Теперь он точно знал, где и когда видел этого человека.
В тот день, когда над Виоренцей первый и последний раз на его памяти звонил набат.
В тот день, когда он впервые усомнился, что его отец — достойный человек.
Это был серенький уютный день середины осени, когда солнце уже устает лить свой жар на землю, но гнилые ливни еще только рождаются за горами, и лишь изредка появляются первые признаки грядущего ненастья: тянутся тонкие облачка, и изредка сыпется мелкий нестрашный дождичек.
Одиннадцатилетний Одо Бернарди сидел с ногами на подоконнике в своей комнате, грыз яблоко и смотрел, как эти самые облака ползут над городскими флюгерами.

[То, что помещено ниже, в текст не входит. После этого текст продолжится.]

(* Let $a,b\in\mathbb{Z}$ with $\gcd(a,b)=1$. Then $\{G_n(a,b)\}$ is complete mod $3^j$ for every integer $j\ge 1$.
   Context: For integers $a,b$ with $\gcd(a,b)=1$, the Gibonacci sequence $\{G_n(a,b)\}_{n\ge1}$ is defined by $G_1=a$, $G_2=b$, $G_{n+1}=G_{n-1}+G_n$. A sequence is complete mod $m$ if every residue class modulo $m$ contains some term of the sequence. *)

theory Defs
  imports "HOL-Number_Theory.Cong"
begin

text \<open>Gibonacci sequence G_n(a,b), indexed from n = 1: G_1 = a, G_2 = b,
  G_(n+1) = G_(n-1) + G_n. The value at index 0 is a dummy (never used).\<close>
fun gib :: "int \<Rightarrow> int \<Rightarrow> nat \<Rightarrow> int" where
  "gib a b 0 = 0"
| "gib a b (Suc 0) = a"
| "gib a b (Suc (Suc 0)) = b"
| "gib a b (Suc (Suc (Suc n))) = gib a b (Suc n) + gib a b (Suc (Suc n))"

definition complete_mod :: "(nat \<Rightarrow> int) \<Rightarrow> int \<Rightarrow> bool" where
  "complete_mod G m \<longleftrightarrow> (\<forall>r::int. \<exists>n\<ge>1. [G n = r] (mod m))"

end

theory Submission
  imports Defs "HOL-Number_Theory.Fib"
begin

text \<open>
  Call an integer sequence U Fibonacci-like if U(n+2) = U n + U(n+1). For such U and every i,
  U(n + 8\<cdot>3^i) \<equiv> U n + 3^(i+1)\<cdot>U(n+2) (mod 3^(i+2)): for i = 0 this is a direct computation,
  and the step from i to i+1 applies the congruence to U and to the difference quotients
  (U(n+P) - U n) / 3^(i+1), which are again Fibonacci-like. Hence shifting the index by
  k\<cdot>8\<cdot>3^i moves U n by k\<cdot>3^(i+1)\<cdot>U(n+2) modulo 3^(i+2) and leaves U(n+2) unchanged mod 3.
  When U(n+2) is a unit mod 3, a suitable k lifts a solution of U n \<equiv> r (mod 3^(i+1)) to one
  modulo 3^(i+2). Coprimality of a and b makes the initial pair nonzero mod 3, and the case of
  modulus 3 is a check over one period of the residues.
\<close>

definition fib_like :: "(nat \<Rightarrow> int) \<Rightarrow> bool" where
  "fib_like U \<longleftrightarrow> (\<forall>n. U (n + 2) = U n + U (n + 1))"

lemma fib_likeD: "fib_like U \<Longrightarrow> U (n + 2) = U n + U (n + 1)"
  unfolding fib_like_def by blast

lemma fib_like_gib: "fib_like (\<lambda>n. gib a b (n + 1))"
  unfolding fib_like_def by (simp add: numeral_eq_Suc)

lemma fib_like_shift: "fib_like U \<Longrightarrow> fib_like (\<lambda>n. U (n + k))"
  unfolding fib_like_def by (metis add.commute add.left_commute)

lemma fib_like_diff: "fib_like U \<Longrightarrow> fib_like V \<Longrightarrow> fib_like (\<lambda>n. U n - V n)"
  unfolding fib_like_def by simp

lemma fib_like_div:
  assumes "fib_like U" and "\<And>n. m dvd U n"
  shows "fib_like (\<lambda>n. U n div m)"
  using assms unfolding fib_like_def by (simp add: div_add)

lemma fib_like_closed_form:
  assumes "fib_like U"
  shows "U n = int (fib (n + 1)) * U 0 + int (fib n) * (U 1 - U 0)"
proof (induction n rule: fib.induct)
  case (3 n)
  then show ?case using fib_likeD[OF assms, of n] by (simp add: algebra_simps)
qed simp_all

lemma fib_like_add_8:
  assumes "fib_like U"
  shows "U (n + 8) = 13 * U n + 21 * U (n + 1)"
  using fib_like_closed_form[OF fib_like_shift[OF assms], of 8 n]
  by (simp add: eval_nat_numeral algebra_simps)

lemma cong_add_dvd_modulus:
  fixes x y q :: int
  assumes "[x = y + q] (mod n)" and "m dvd n" and "m dvd q"
  shows "[x = y] (mod m)"
proof -
  have "[x = y + q] (mod m)"
    using assms(1,2) by (rule cong_dvd_modulus)
  moreover have "[y + q = y] (mod m)"
    using assms(3) by (simp add: cong_iff_dvd_diff)
  ultimately show ?thesis by (rule cong_trans)
qed

lemma fib_like_difference_quotient:
  assumes "fib_like U" and "\<And>n. m dvd U (n + P) - U n"
  obtains W where "fib_like W" and "\<And>n. U (n + P) = U n + m * W n"
proof -
  define W where "W n = (U (n + P) - U n) div m" for n
  have "fib_like W"
    unfolding W_def using assms by (intro fib_like_div fib_like_diff fib_like_shift)
  moreover have "U (n + P) = U n + m * W n" for n
    unfolding W_def using assms(2)[of n] by simp
  ultimately show thesis by (rule that)
qed

lemma fib_like_shift_cong_triple:
  assumes step: "\<And>V n. fib_like V \<Longrightarrow> [V (n + P) = V n + m * V (n + 2)] (mod 3 * m)"
    and "3 dvd m" and "m \<noteq> 0" and U: "fib_like U"
  shows "[U (n + 3 * P) = U n + 3 * m * U (n + 2)] (mod 9 * m)"
proof -
  have periodic: "m dvd V (k + P) - V k" if "fib_like V" for V k
    using cong_add_dvd_modulus[OF step[OF that, of k]] by (simp add: cong_iff_dvd_diff)
  obtain W where W: "fib_like W" and UW: "\<And>k. U (k + P) = U k + m * W k"
    using fib_like_difference_quotient[OF U periodic[OF U]] by blast
  obtain X where X: "fib_like X" and WX: "\<And>k. W (k + P) = W k + m * X k"
    using fib_like_difference_quotient[OF W periodic[OF W]] by blast
  have "3 * m dvd m * (W n - U (n + 2))"
    using step[OF U, of n] unfolding UW by (simp add: cong_iff_dvd_diff algebra_simps)
  then obtain s where s: "W n - U (n + 2) = 3 * s"
    using \<open>m \<noteq> 0\<close> by (auto simp: mult.commute[of 3 m])
  obtain t where t: "X (n + P) - X n = m * t"
    using periodic[OF X] by blast
  obtain c where c: "m = 3 * c"
    using \<open>3 dvd m\<close> by blast
  have "U (n + 3 * P) = U n + m * (W n + W (n + P) + W (n + 2 * P))"
    using UW[of n] UW[of "n + P"] UW[of "n + 2 * P"]
    by (simp add: algebra_simps numeral_eq_Suc)
  also have "\<dots> = U n + m * (3 * W n + 3 * m * X n + m * (X (n + P) - X n))"
    using WX[of n] WX[of "n + P"] by (simp add: algebra_simps numeral_eq_Suc)
  finally have "U (n + 3 * P) - (U n + 3 * m * U (n + 2)) = 9 * m * (s + c * X n + c * c * t)"
    using s t c by (simp add: algebra_simps)
  then show ?thesis
    by (simp add: cong_iff_dvd_diff)
qed

lemma fib_like_shift_cong:
  assumes "fib_like U"
  shows "[U (n + 8 * 3 ^ i) = U n + 3 ^ (i + 1) * U (n + 2)] (mod 3 ^ (i + 2))"
  using assms
proof (induction i arbitrary: U n)
  case 0
  have "U (n + 8) - (U n + 3 * U (n + 2)) = 9 * (U n + 2 * U (n + 1))"
    using fib_like_add_8[OF 0] fib_likeD[OF 0, of n] by simp
  then have "9 dvd U (n + 8) - (U n + 3 * U (n + 2))"
    by (metis dvd_triv_left)
  then show ?case by (simp add: cong_iff_dvd_diff)
next
  case (Suc i)
  have "[U (n + 3 * (8 * 3 ^ i)) = U n + 3 * 3 ^ (i + 1) * U (n + 2)] (mod 9 * 3 ^ (i + 1))"
    using Suc.IH Suc.prems by (intro fib_like_shift_cong_triple) (simp_all add: mult.commute)
  then show ?case by (simp add: algebra_simps)
qed

lemma fib_like_iterated_shift_cong:
  assumes "fib_like U"
  shows "[U (n + k * (8 * 3 ^ i)) = U n + int k * 3 ^ (i + 1) * U (n + 2)] (mod 3 ^ (i + 2))"
proof (induction k arbitrary: n)
  case (Suc k)
  define P :: nat and m :: int where "P = 8 * 3 ^ i" and "m = 3 ^ (i + 1)"
  define N where "N = n + k * P"
  have "N + 2 = n + 2 + k * P"
    unfolding N_def by simp
  then have "[U (N + 2) = U (n + 2) + int k * m * U (n + 2 + 2)] (mod 3 ^ (i + 2))"
    using Suc.IH[of "n + 2"] unfolding P_def m_def by simp
  then have "[U (N + 2) = U (n + 2)] (mod 3)"
    by (rule cong_add_dvd_modulus) (simp_all add: m_def)
  then have "[m * U (N + 2) = m * U (n + 2)] (mod 3 ^ (i + 2))"
    using cong_cmult_leftI[of _ _ 3 m] by (simp add: m_def mult.commute)
  moreover have "[U N = U n + int k * m * U (n + 2)] (mod 3 ^ (i + 2))"
    using Suc.IH[of n] unfolding N_def P_def m_def .
  ultimately have "[U N + m * U (N + 2) = U n + int k * m * U (n + 2) + m * U (n + 2)] (mod 3 ^ (i + 2))"
    by (intro cong_add)
  with fib_like_shift_cong[OF assms, of N i]
  have "[U (N + P) = U n + int (Suc k) * m * U (n + 2)] (mod 3 ^ (i + 2))"
    unfolding P_def m_def by (auto simp: algebra_simps intro: cong_trans)
  then show ?case
    unfolding N_def P_def m_def by (simp add: algebra_simps)
qed simp

lemma ex_less_8: "(\<exists>n<(8::nat). P n) \<longleftrightarrow> P 0 \<or> P 1 \<or> P 2 \<or> P 3 \<or> P 4 \<or> P 5 \<or> P 6 \<or> P 7"
  by (simp add: numeral_eq_Suc Ex_less_Suc2)

lemma fib_like_mod_3_hits:
  assumes "fib_like U" and "\<not> (3 dvd U 0 \<and> 3 dvd U 1)"
  shows "\<exists>n. [U n = r] (mod 3) \<and> \<not> 3 dvd U (n + 2)"
proof -
  define x y where "x = U 0 mod 3" and "y = U 1 mod 3"
  define V where "V n = int (fib (n + 1)) * x + int (fib n) * (y - x)" for n
  have UV: "[U n = V n] (mod 3)" for n
    unfolding fib_like_closed_form[OF assms(1), of n] V_def x_def y_def
    by (intro cong_add cong_mult cong_diff cong_refl) (simp_all add: cong_def)
  \<comment> \<open>Residues mod 3 have period 8, so one period per nonzero initial pair suffices.\<close>
  have residue_table: "\<exists>n<8. V n mod 3 = r' \<and> V (n + 2) mod 3 \<noteq> 0"
    if "x \<in> {0,1,2}" "y \<in> {0,1,2}" "r' \<in> {0,1,2}" "(x, y) \<noteq> (0, 0)" for r'
    using that unfolding ex_less_8 V_def
    by (elim insertE emptyE) (simp_all add: eval_nat_numeral)
  have residues: "x \<in> {0,1,2}" "y \<in> {0,1,2}" "r mod 3 \<in> {0,1,2}"
    unfolding x_def y_def by auto
  have "(x, y) \<noteq> (0, 0)"
    using assms(2) unfolding x_def y_def by (simp add: dvd_eq_mod_eq_0)
  from residue_table[OF residues this]
  obtain n where "V n mod 3 = r mod 3" and "V (n + 2) mod 3 \<noteq> 0"
    by blast
  moreover have "[U n = V n] (mod 3)" and "[U (n + 2) = V (n + 2)] (mod 3)"
    by (rule UV)+
  ultimately have "[U n = r] (mod 3)" and "\<not> 3 dvd U (n + 2)"
    unfolding cong_def dvd_eq_mod_eq_0 by simp_all
  then show ?thesis by blast
qed

lemma ex_nat_mult_cong:
  fixes u d m :: int
  assumes "coprime u m" and "m > 0"
  shows "\<exists>k::nat. [int k * u = d] (mod m)"
proof -
  obtain v where v: "[u * v = 1] (mod m)"
    using cong_solve_coprime_int[OF assms(1)] by blast
  define k where "k = nat (v * d mod m)"
  have "[int k * u = v * d * u] (mod m)"
    unfolding k_def using assms(2) by (simp add: cong_def mod_simps)
  also have "[v * d * u = 1 * d] (mod m)"
    using cong_scalar_right[OF v, of d] by (simp add: algebra_simps)
  finally show ?thesis by auto
qed

lemma fib_like_hits_mod_power_3:
  assumes "fib_like U" and "\<not> (3 dvd U 0 \<and> 3 dvd U 1)"
  shows "\<exists>n. [U n = r] (mod 3 ^ (i + 1)) \<and> \<not> 3 dvd U (n + 2)"
proof (induction i arbitrary: r)
  case 0
  show ?case using fib_like_mod_3_hits[OF assms] by simp
next
  case (Suc i)
  define m :: int where "m = 3 ^ (i + 1)"
  obtain n where "[U n = r] (mod m)" and u: "\<not> 3 dvd U (n + 2)"
    using Suc.IH unfolding m_def by blast
  then have "m dvd r - U n"
    by (simp add: cong_iff_dvd_diff dvd_diff_commute)
  then obtain d where d: "r = U n + m * d"
    by (metis dvd_def diff_add_cancel add.commute)
  have "coprime (U (n + 2)) 3"
    using u prime_imp_coprime[of "3::int" "U (n + 2)"] by (simp add: coprime_commute)
  then obtain k :: nat where "[int k * U (n + 2) = d] (mod 3)"
    using ex_nat_mult_cong[of "U (n + 2)" 3 d] by auto
  then have "[m * (int k * U (n + 2)) = m * d] (mod m * 3)"
    by (rule cong_cmult_leftI)
  then have "[U n + int k * 3 ^ (i + 1) * U (n + 2) = r] (mod 3 ^ (i + 2))"
    unfolding d m_def by (simp add: cong_add_lcancel algebra_simps)
  with fib_like_iterated_shift_cong[OF assms(1), of n k i]
  have hit: "[U (n + k * (8 * 3 ^ i)) = r] (mod 3 ^ (i + 2))"
    by (rule cong_trans)
  have "[U (n + 2 + k * (8 * 3 ^ i)) = U (n + 2)] (mod 3)"
    using fib_like_iterated_shift_cong[OF assms(1), of "n + 2" k i]
    by (rule cong_add_dvd_modulus) simp_all
  then have "\<not> 3 dvd U (n + k * (8 * 3 ^ i) + 2)"
    using u by (simp add: cong_def dvd_eq_mod_eq_0 add_ac)
  with hit show ?case
    by (intro exI[of _ "n + k * (8 * 3 ^ i)"]) simp
qed

theorem mainTheorem9:
  fixes a b :: int and j :: nat
  assumes "gcd a b = 1" and "j \<ge> 1"
  shows "complete_mod (gib a b) (3 ^ j)"
  unfolding complete_mod_def
proof
  fix r :: int
  obtain i where j: "j = i + 1"
    using assms(2) by (metis le_add_diff_inverse2)
  have "\<not> (3 dvd a \<and> 3 dvd b)"
  proof
    assume "3 dvd a \<and> 3 dvd b"
    then have "3 dvd gcd a b" by simp
    with assms(1) show False by simp
  qed
  then obtain n where "[gib a b (n + 1) = r] (mod 3 ^ j)"
    using fib_like_hits_mod_power_3[OF fib_like_gib, of a b r i] unfolding j
    by (force simp: numeral_eq_Suc)
  then show "\<exists>n\<ge>1. [gib a b n = r] (mod 3 ^ j)"
    by (intro exI[of _ "n + 1"]) simp
qed

end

Обычно вот так праздно проводить время ему не разрешалось, но сейчас родителям было не до него: все семейство только что вернулось из уличного храма после утреннего обряда, и теперь отец с матерью вызвали повара и обсуждали, что подать на ужин. Ждали каких-то важных гостей. Девчонки ушли к себе — брата они в свои игры принимали редко, да он и не рвался.
Одо наслаждался бездельем и яблоком и предвкушал, как вечером, когда соберутся гости, спокойно дочитает наконец «Деяния полководцев древности» Флавиана Цинны, которые дед подарил ему на день Радостного солнца.
Отец считал, что будущему законнику такие книги не особо надобны, но с почтенным тестем спорить не стал. Одо завладел книгой, но так как написана она была, естественно, на квеарне, то поначалу чтение каждой главы превращалось в сражение со словарем и памятью. Сейчас же дело шло куда легче, чем летом, так что Одо даже грустил: когда еще попадется такая интересная книжка. Как-то даже не верилось, что автор жил аж тыщу с лишком лет тому назад.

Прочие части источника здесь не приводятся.